Storage Abstraction Layer¶

The eencijferho.io module provides a pluggable storage layer that lets you swap between local disk, MinIO (S3-compatible), and PostgreSQL — without changing any processing code. All core modules use the @with_storage decorator, so switching backends is a single environment variable change.

Quick Start¶

By default, everything runs on the local filesystem — no setup needed:

from eencijferho.io import get_backend, storage_context

# Context manager (recommended — auto-cleans up connections)
with storage_context() as storage:
    df = storage.read_dataframe("01-input/data.csv")
    storage.write_dataframe(df, "02-output/result.parquet")

# Or get a backend directly
storage = get_backend()

To switch to MinIO, set one environment variable:

export STORAGE_BACKEND=minio
# That's it — all @with_storage-decorated functions now use MinIO

Backends¶

Disk (default)¶

Local filesystem. Relative paths are resolved against a configurable base path.

export STORAGE_BACKEND=disk
export STORAGE_DISK_BASE_PATH=data   # default

MinIO¶

S3-compatible object storage. Requires the minio optional dependency.

uv sync --extra minio
# or: pip install eencijferho[minio]

export STORAGE_BACKEND=minio
export MINIO_ENDPOINT=localhost:9000
export MINIO_ACCESS_KEY=minioadmin
export MINIO_SECRET_KEY=minioadmin
export MINIO_BUCKET=1cijferho
export MINIO_SECURE=false

PostgreSQL¶

Stores DataFrames as database tables, JSON in a native JSONB column, and binary files in a _binary_storage table.
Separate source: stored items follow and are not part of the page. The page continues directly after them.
lemma cderiv_imp_deriv: "cderiv K G D \<Longrightarrow> deriv K G D"
proof (induction rule: cderiv.induct)
  case (init x p G D)
  obtain G0 D0 where "G = add_mset (Lab x (At p)) G0" and "D = add_mset (Lab x (At p)) D0"
    using init.hyps(1,2) by (metis multi_member_split)
  with init.hyps(3) show ?case
    by (simp add: deriv.init)
next
  case (botL x G D)
  obtain G0 where "G = add_mset (Lab x Bot) G0"
    using botL.hyps(1) by (metis multi_member_split)
  with botL.hyps(2) show ?case
    by (simp add: deriv.botL)
next
  case (decompL F S G D)
  show ?case
    by (rule deriv_decompL[OF decompL.hyps(1,2) decompL.IH])
next
  case (decompR F S G D)
  show ?case
    by (rule deriv_decompR[OF decompR.hyps(1,2) decompR.IH])
next
  case (allL x a G A D)
  obtain G0 where G: "G = add_mset (RW x a) (add_mset (FAll a A) G0)"
    using allL.hyps(1,2) by (rule multi_member_split2) simp
  show ?case
    using deriv.allL[of K x A a G0 D] allL.IH by (simp add: G add_mset_commute)
next
  case (exR x a G A D)
  obtain G0 D0 where G: "G = add_mset (RW x a) G0" and D: "D = add_mset (FEx a A) D0"
    using exR.hyps(1,2) by (metis multi_member_split)
  show ?case
    using deriv.exR[of K x a G0 A D0] exR.IH by (simp add: G D add_mset_commute)
next
  case (condL a x G A B D)
  obtain G0 where G: "G = add_mset (RN a x) (add_mset (Lab x (Cond A B)) G0)"
    using condL.hyps(2,3) by (rule multi_member_split2) simp
  show ?case
    using deriv.condL[of K a x A B G0 D] condL.hyps(1) condL.IH by (simp add: G)
next
  case (condLstar a x G A B D)
  obtain G0 where G: "G = add_mset (RN a x) (add_mset (Lab x (Cond A B)) G0)"
    using condLstar.hyps(2,3) by (rule multi_member_split2) simp
  show ?case
    using deriv.condLstar[of K a x A B G0 D] condLstar.hyps(1) condLstar.IH by (simp add: G)
next
  case (cndR c x G a A B D)
  obtain G0 where G: "G = add_mset (RN c x) (add_mset (RS c a) G0)"
    using cndR.hyps(1,2) by (rule multi_member_split2) simp
  obtain D0 where D: "D = add_mset (FCnd x a A B) D0"
    using cndR.hyps(3) by (metis multi_member_split)
  show ?case
    using deriv.cndR[of K c x a G0 A B D0] cndR.IH by (simp add: G D add_mset_commute)
next
  case (refl a G D)
  then show ?case
    by (simp add: deriv.refl)
next
  case (trans c b G a D)
  show ?case
  proof (cases "c = b \<and> b = a")
    \<comment> \<open>then both premises of Tr are the single atom a \<subseteq> a, and Ref takes its place\<close>
    case True
    then show ?thesis
      using trans.IH deriv.refl[of K a G D] by simp
  next
    case False
    obtain G0 where G: "G = add_mset (RS c b) (add_mset (RS b a) G0)"
      using trans.hyps(1,2) by (rule multi_member_split2) (use False in simp)
    show ?thesis
      using deriv.trans[of K c a b G0 D] trans.IH by (simp add: G add_mset_commute)
  qed
next
  case (subL x a G b D)
  obtain G0 where G: "G = add_mset (RW x a) (add_mset (RS a b) G0)"
    using subL.hyps(1,2) by (rule multi_member_split2) simp
  show ?case
    using deriv.subL[of K x a b G0 D] subL.IH by (simp add: G add_mset_commute)
qed
lemma ht_est_error:
  assumes "s \<subseteq> {1..N}"
  shows "ht_est N a b p s (restrict y s) - total N y
    = (\<Sum>i=1..N. (y i - (a i + b i) / 2) * (of_bool (i \<in> s) / incl_prob p i - 1))"
proof -
  have "(\<Sum>i\<in>s. (restrict y s i - (a i + b i) / 2) / incl_prob p i)
      = (\<Sum>i=1..N. of_bool (i \<in> s) * ((y i - (a i + b i) / 2) / incl_prob p i))"
    using assms by (simp only: sum_of_bool_mult_eq finite_atLeastAtMost Collect_mem_eq Int_absorb1) simp
  moreover have "m + d * ((z - m) / q) - z = (z - m) * (d / q - 1)" for m z d q :: real
    by (simp add: field_simps)
  ultimately show ?thesis
    unfolding ht_est_def total_def by (simp add: sum.distrib[symmetric] sum_subtractf[symmetric])
qed

lemma sum_pmf_incl_deviation:
  assumes "finite P" "set_pmf p \<subseteq> P" "incl_prob p i > 0"
  shows "(\<Sum>s\<in>P. pmf p s * (of_bool (i \<in> s) / incl_prob p i - 1)) = 0"
proof -
  have "(\<Sum>s\<in>P. pmf p s * (of_bool (i \<in> s) / incl_prob p i - 1))
      = (\<Sum>s\<in>P. pmf p s * of_bool (i \<in> s)) / incl_prob p i - (\<Sum>s\<in>P. pmf p s)"
    by (simp only: right_diff_distrib mult.right_neutral times_divide_eq_right sum_subtractf
        sum_divide_distrib)
  also have "\<dots> = 0"
    using assms prob_pmf_finite_support[OF assms(1,2), of "\<lambda>s. i \<in> s"] sum_pmf_eq_1[OF assms(1,2)]
    by (simp only: incl_prob_def) simp
  finally show ?thesis .
qed

lemma sum_pmf_incl_deviation_mult:
  assumes "finite P" "set_pmf p \<subseteq> P" "incl_prob p i > 0" "incl_prob p j > 0"
  shows "(\<Sum>s\<in>P. pmf p s * ((of_bool (i \<in> s) / incl_prob p i - 1) * (of_bool (j \<in> s) / incl_prob p j - 1)))
    = measure_pmf.prob p {s. i \<in> s \<and> j \<in> s} / (incl_prob p i * incl_prob p j) - 1"
proof -
  define \<pi>\<^sub>i \<pi>\<^sub>j where "\<pi>\<^sub>i = incl_prob p i" and "\<pi>\<^sub>j = incl_prob p j"
  have "pmf p s * ((of_bool (i \<in> s) / \<pi>\<^sub>i - 1) * (of_bool (j \<in> s) / \<pi>\<^sub>j - 1))
      = pmf p s * of_bool (i \<in> s \<and> j \<in> s) / (\<pi>\<^sub>i * \<pi>\<^sub>j) - pmf p s * of_bool (i \<in> s) / \<pi>\<^sub>i
        - pmf p s * of_bool (j \<in> s) / \<pi>\<^sub>j + pmf p s" for s
    using assms(3,4) by (simp add: \<pi>\<^sub>i_def \<pi>\<^sub>j_def field_simps)
  then have "(\<Sum>s\<in>P. pmf p s * ((of_bool (i \<in> s) / \<pi>\<^sub>i - 1) * (of_bool (j \<in> s) / \<pi>\<^sub>j - 1)))
      = (\<Sum>s\<in>P. pmf p s * of_bool (i \<in> s \<and> j \<in> s)) / (\<pi>\<^sub>i * \<pi>\<^sub>j)
        - (\<Sum>s\<in>P. pmf p s * of_bool (i \<in> s)) / \<pi>\<^sub>i
        - (\<Sum>s\<in>P. pmf p s * of_bool (j \<in> s)) / \<pi>\<^sub>j + (\<Sum>s\<in>P. pmf p s)"
    by (simp only: sum.distrib sum_subtractf sum_divide_distrib)
  also have "\<dots> = measure_pmf.prob p {s. i \<in> s \<and> j \<in> s} / (\<pi>\<^sub>i * \<pi>\<^sub>j) - 1"
    using assms(3,4) sum_pmf_eq_1[OF assms(1,2)]
      prob_pmf_finite_support[OF assms(1,2), of "\<lambda>s. i \<in> s \<and> j \<in> s"]
      prob_pmf_finite_support[OF assms(1,2), of "\<lambda>s. i \<in> s"]
      prob_pmf_finite_support[OF assms(1,2), of "\<lambda>s. j \<in> s"]
    by (simp only: \<pi>\<^sub>i_def \<pi>\<^sub>j_def incl_prob_def) simp
  finally show ?thesis
    by (simp only: \<pi>\<^sub>i_def \<pi>\<^sub>j_def)
qed

lemma ht_est_unbiased:
  assumes sp: "set_pmf p \<subseteq> Pow {1..N}" and pos: "\<forall>i\<in>{1..N}. incl_prob p i > 0"
  shows "unbiased N a b p (ht_est N a b p)"
proof -
  have "measure_pmf.expectation p (\<lambda>s. ht_est N a b p s (restrict y s)) = total N y" for y
  proof -
    have "measure_pmf.expectation p (\<lambda>s. ht_est N a b p s (restrict y s)) - total N y
        = (\<Sum>s\<in>Pow {1..N}. pmf p s * (ht_est N a b p s (restrict y s) - total N y))"
      using sum_pmf_eq_1[OF _ sp]
      by (simp add: expectation_pmf_finite_support[OF _ sp] right_diff_distrib sum_subtractf
          sum_distrib_right[symmetric])
    also have "\<dots> = (\<Sum>s\<in>Pow {1..N}. pmf p s *
        (\<Sum>i=1..N. (y i - (a i + b i) / 2) * (of_bool (i \<in> s) / incl_prob p i - 1)))"
      by (intro sum.cong) (simp_all add: ht_est_error)
    also have "\<dots> = (\<Sum>i=1..N. (y i - (a i + b i) / 2) *
        (\<Sum>s\<in>Pow {1..N}. pmf p s * (of_bool (i \<in> s) / incl_prob p i - 1)))"
      by (simp add: sum_distrib_left mult.left_commute) (rule sum.swap)
    also have "\<dots> = 0"
      using sum_pmf_incl_deviation[OF _ sp] pos by simp
    finally show ?thesis by simp
  qed
  then show ?thesis
    unfolding unbiased_def is_estimator_def using ht_est_measurable by blast
qed

lemma ht_est_risk:
  assumes sp: "set_pmf p \<subseteq> Pow {1..N}" and pos: "\<forall>i\<in>{1..N}. incl_prob p i > 0"
    and indep: "\<forall>i\<in>{1..N}. \<forall>j\<in>{1..N}. i \<noteq> j \<longrightarrow>
      measure_pmf.prob p {s. i \<in> s \<and> j \<in> s} = incl_prob p i * incl_prob p j"
  shows "risk N p (ht_est N a b p) y
    = (\<Sum>i=1..N. (y i - (a i + b i) / 2)\<^sup>2 * (1 - incl_prob p i) / incl_prob p i)"
proof -
  let ?X = "\<lambda>i s. of_bool (i \<in> s) / incl_prob p i - 1"
  have moment: "(\<Sum>s\<in>Pow {1..N}. pmf p s * (?X i s * ?X j s))
      = (if i = j then (1 - incl_prob p i) / incl_prob p i else 0)"
    if "i \<in> {1..N}" "j \<in> {1..N}" for i j
  proof -
    have pos_ij: "incl_prob p i > 0" "incl_prob p j > 0"
      using pos that by auto
    have "(\<Sum>s\<in>Pow {1..N}. pmf p s * (?X i s * ?X j s))
        = measure_pmf.prob p {s. i \<in> s \<and> j \<in> s} / (incl_prob p i * incl_prob p j) - 1"
      by (rule sum_pmf_incl_deviation_mult[OF _ sp pos_ij]) simp
    also have "\<dots> = (if i = j then (1 - incl_prob p i) / incl_prob p i else 0)"
      using indep that pos_ij by (cases "i = j") (simp_all add: incl_prob_def[symmetric] field_simps)
    finally show ?thesis .
  qed
  have "risk N p (ht_est N a b p) y
      = (\<Sum>s\<in>Pow {1..N}. pmf p s * (ht_est N a b p s (restrict y s) - total N y)\<^sup>2)"
    unfolding risk_def by (simp add: expectation_pmf_finite_support[OF _ sp])
  also have "\<dots> = (\<Sum>s\<in>Pow {1..N}. pmf p s * (\<Sum>i=1..N. (y i - (a i + b i) / 2) * ?X i s)\<^sup>2)"
    by (intro sum.cong) (simp_all add: ht_est_error)
  also have "\<dots> = (\<Sum>i=1..N. (y i - (a i + b i) / 2)\<^sup>2 * (\<Sum>s\<in>Pow {1..N}. pmf p s * (?X i s)\<^sup>2))"
  proof (rule sum_weighted_square_orthogonal)
    fix i j assume ij: "i \<in> {1..N}" "j \<in> {1..N}" and "i \<noteq> j"
    then show "(\<Sum>s\<in>Pow {1..N}. pmf p s * (?X i s * ?X j s)) = 0"
      using moment[OF ij] by simp
  qed simp
  also have "\<dots> = (\<Sum>i=1..N. (y i - (a i + b i) / 2)\<^sup>2 * (1 - incl_prob p i) / incl_prob p i)"
    using moment by (intro sum.cong) (simp_all add: power2_eq_square)
  finally show ?thesis .
qed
Requires the postgres optional dependency.

uv sync --extra postgres
# or: pip install eencijferho[postgres]

export STORAGE_BACKEND=postgres
export POSTGRES_HOST=localhost
export POSTGRES_PORT=5432
export POSTGRES_DATABASE=cijferho
export POSTGRES_USER=postgres
export POSTGRES_PASSWORD=postgres

File paths are converted to table names automatically: - 01-input/student_data.csv → input_student_data - 02-output/results.parquet → output_results

Backend Interface¶

All backends implement StorageBackend:

Method	Description
`read_bytes(path)`	Read raw bytes
`write_bytes(data, path)`	Write raw bytes, returns path/URI
`read_dataframe(path, format?, **kwargs)`	Read a Polars DataFrame
`write_dataframe(df, path, format?, **kwargs)`	Write a Polars DataFrame
`list_files(pattern)`	List files matching a glob pattern
`exists(path)`	Check if a path exists
`delete(path)`	Delete a file
`read_json(path)`	Read and parse a JSON file
`write_json(data, path)`	Write a dict/list as JSON
`read_text(path, encoding?)`	Read a text file (default UTF-8)
`write_text(text, path, encoding?)`	Write a text file (default UTF-8)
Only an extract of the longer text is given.